I feel so land-girt these days… its odd that so many of us live away from the sea and yet it calls to us like a primordial force, reminding us of our fear to be far from it, our sustainer, our familiar, the flat horizon always with us, glittering, moonlit, moving or monochrome. Those of us who don’t live with it yearn for it, flock to it, daring to stand firm in the face of huge storming waves in winter we then pack ourselves onto beaches in the summer time and bask like mermaids in the warm rays of the sun.
I keep my glittering beach days locked in my heart to sustain me through long winters. Last Lughnasadh I bought kaleidoscopes in Bridport, and then sat on Hive Beach and gazed at the honey yellows, blues and whites in myriad shattered images like a child in thrall. I painted Portland Bill in grey vignettes in my notebook - like a long hazy line extending into the blue.

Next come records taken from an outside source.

(* Let $A$ and $B$ be rings, $f: A\to B$ a ring homomorphism and $J$ a proper ideal of $B$. Let $S$ be the set of regular central elements of $B$ (central elements that are not zero divisors), and assume $J\cap S\neq\varnothing$. Then $A\bowtie^{f}J$ is an Armendariz ring if and only if both $A$ and $f(A)+J$ are Armendariz rings.
   Context: All rings are associative with identity (not necessarily commutative), ring homomorphisms are unital, and ideals are two-sided. For a ring homomorphism $f:A\to B$ and an ideal $J$ of $B$, the amalgamation is the subring $A\bowtie^{f}J=\{(a,f(a)+j)\mid a\in A,\ j\in J\}$ of $A\times B$; $f(A)+J=\{f(a)+j: a\in A, j\in J\}$ is a subring of $B$. A ring $R$ is Armendariz if whenever $p(x)=\sum_{i=0}^n a_ix^i$ and $q(x)=\sum_{j=0}^m b_jx^j$ in $R[x]$ satisfy $p(x)q(x)=0$, then $a_ib_j=0$ for all $i,j$. *)

theory Defs
  imports "HOL-Algebra.Algebra"
begin

definition armendariz :: "('a, 'm) ring_scheme \<Rightarrow> bool" where
  "armendariz R \<longleftrightarrow>
     (\<forall>p \<in> carrier (UP R). \<forall>q \<in> carrier (UP R).
        p \<otimes>\<^bsub>UP R\<^esub> q = \<zero>\<^bsub>UP R\<^esub> \<longrightarrow>
        (\<forall>i j. coeff (UP R) p i \<otimes>\<^bsub>R\<^esub> coeff (UP R) q j = \<zero>\<^bsub>R\<^esub>))"

definition amalgamation ::
  "('a, 'm) ring_scheme \<Rightarrow> ('b, 'n) ring_scheme \<Rightarrow> ('a \<Rightarrow> 'b) \<Rightarrow> 'b set \<Rightarrow> ('a \<times> 'b) ring" where
  "amalgamation A B f J =
     (RDirProd A B)\<lparr>carrier := {(a, f a \<oplus>\<^bsub>B\<^esub> j) | a j. a \<in> carrier A \<and> j \<in> J}\<rparr>"

definition image_plus_ideal ::
  "('a, 'm) ring_scheme \<Rightarrow> ('b, 'n) ring_scheme \<Rightarrow> ('a \<Rightarrow> 'b) \<Rightarrow> 'b set \<Rightarrow> ('b, 'n) ring_scheme" where
  "image_plus_ideal A B f J =
     B\<lparr>carrier := {f a \<oplus>\<^bsub>B\<^esub> j | a j. a \<in> carrier A \<and> j \<in> J}\<rparr>"

definition regular_central :: "('b, 'n) ring_scheme \<Rightarrow> 'b set" where
  "regular_central B =
     {s \<in> carrier B. (\<forall>x \<in> carrier B. s \<otimes>\<^bsub>B\<^esub> x = x \<otimes>\<^bsub>B\<^esub> s) \<and>
        (\<forall>x \<in> carrier B. s \<otimes>\<^bsub>B\<^esub> x = \<zero>\<^bsub>B\<^esub> \<longrightarrow> x = \<zero>\<^bsub>B\<^esub>) \<and>
        (\<forall>x \<in> carrier B. x \<otimes>\<^bsub>B\<^esub> s = \<zero>\<^bsub>B\<^esub> \<longrightarrow> x = \<zero>\<^bsub>B\<^esub>)}"

end

theory Submission
  imports Defs
begin

text \<open>Write \<open>C = A \<bowtie>\<^sup>f J\<close> and \<open>D = f(A) + J\<close>. The projections \<open>C \<rightarrow> A\<close> and \<open>C \<rightarrow> D\<close> are ring
  homomorphisms with trivial joint kernel, so a polynomial relation \<open>p q = 0\<close> over \<open>C\<close> maps to
  relations over \<open>A\<close> and \<open>D\<close>; if both are Armendariz, every coefficient product vanishes in both
  components. Conversely, \<open>a \<mapsto> (a, f a)\<close> embeds \<open>A\<close> into \<open>C\<close>, and a regular central
  \<open>s \<in> J\<close> gives the map \<open>x \<mapsto> (0, s x)\<close> from \<open>D\<close> into \<open>C\<close>; it is not multiplicative, but
  products of images are images of products under the injective additive map \<open>x \<mapsto> (0, s\<^sup>2 x)\<close>,
  which is enough to pull the Armendariz property back.\<close>

lemma amalgamation_simps:
  "carrier (amalgamation A B f J) = {(a, f a \<oplus>\<^bsub>B\<^esub> j) | a j. a \<in> carrier A \<and> j \<in> J}"
  "x \<otimes>\<^bsub>amalgamation A B f J\<^esub> y = (fst x \<otimes>\<^bsub>A\<^esub> fst y, snd x \<otimes>\<^bsub>B\<^esub> snd y)"
  "x \<oplus>\<^bsub>amalgamation A B f J\<^esub> y = (fst x \<oplus>\<^bsub>A\<^esub> fst y, snd x \<oplus>\<^bsub>B\<^esub> snd y)"
  "\<zero>\<^bsub>amalgamation A B f J\<^esub> = (\<zero>\<^bsub>A\<^esub>, \<zero>\<^bsub>B\<^esub>)"
  "\<one>\<^bsub>amalgamation A B f J\<^esub> = (\<one>\<^bsub>A\<^esub>, \<one>\<^bsub>B\<^esub>)"
  by (auto simp: amalgamation_def RDirProd_def DirProd_def monoid.defs case_prod_beta)

lemma image_plus_ideal_simps:
  "carrier (image_plus_ideal A B f J) = {f a \<oplus>\<^bsub>B\<^esub> j | a j. a \<in> carrier A \<and> j \<in> J}"
  "x \<otimes>\<^bsub>image_plus_ideal A B f J\<^esub> y = x \<otimes>\<^bsub>B\<^esub> y"
  "x \<oplus>\<^bsub>image_plus_ideal A B f J\<^esub> y = x \<oplus>\<^bsub>B\<^esub> y"
  "\<zero>\<^bsub>image_plus_ideal A B f J\<^esub> = \<zero>\<^bsub>B\<^esub>"
  "\<one>\<^bsub>image_plus_ideal A B f J\<^esub> = \<one>\<^bsub>B\<^esub>"
  by (auto simp: image_plus_ideal_def)

lemma image_plus_ideal_eq_snd_image:
  "image_plus_ideal A B f J = B\<lparr>carrier := snd ` carrier (amalgamation A B f J)\<rparr>"
proof -
  have "{f a \<oplus>\<^bsub>B\<^esub> j | a j. a \<in> carrier A \<and> j \<in> J} = snd ` carrier (amalgamation A B f J)"
    by (force simp: amalgamation_simps)
  then show ?thesis by (simp add: image_plus_ideal_def)
qed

Every year I make a glittering beach day to carry with me. The year before it happened on Rhossili beach on the Gower. We had come over the Beacons in driving rain and when we reached the beach we wanted it so much that we walked in the wet wind anyway. As we approached the Worms Head, the weather cleared and the evening sun lit the beach in great shining sheets of slicked smoothness - entrancing. I was so in the magic of it that I don’t remember how I got down to the beach, but didn’t want to leave it when I did, so intent was I in distilling that moment.
This year, the bone white beaches of the Western Isles are calling me - the soft shell sand and the seals will be right by our cottage. I am dreaming of the glittering beach days to come.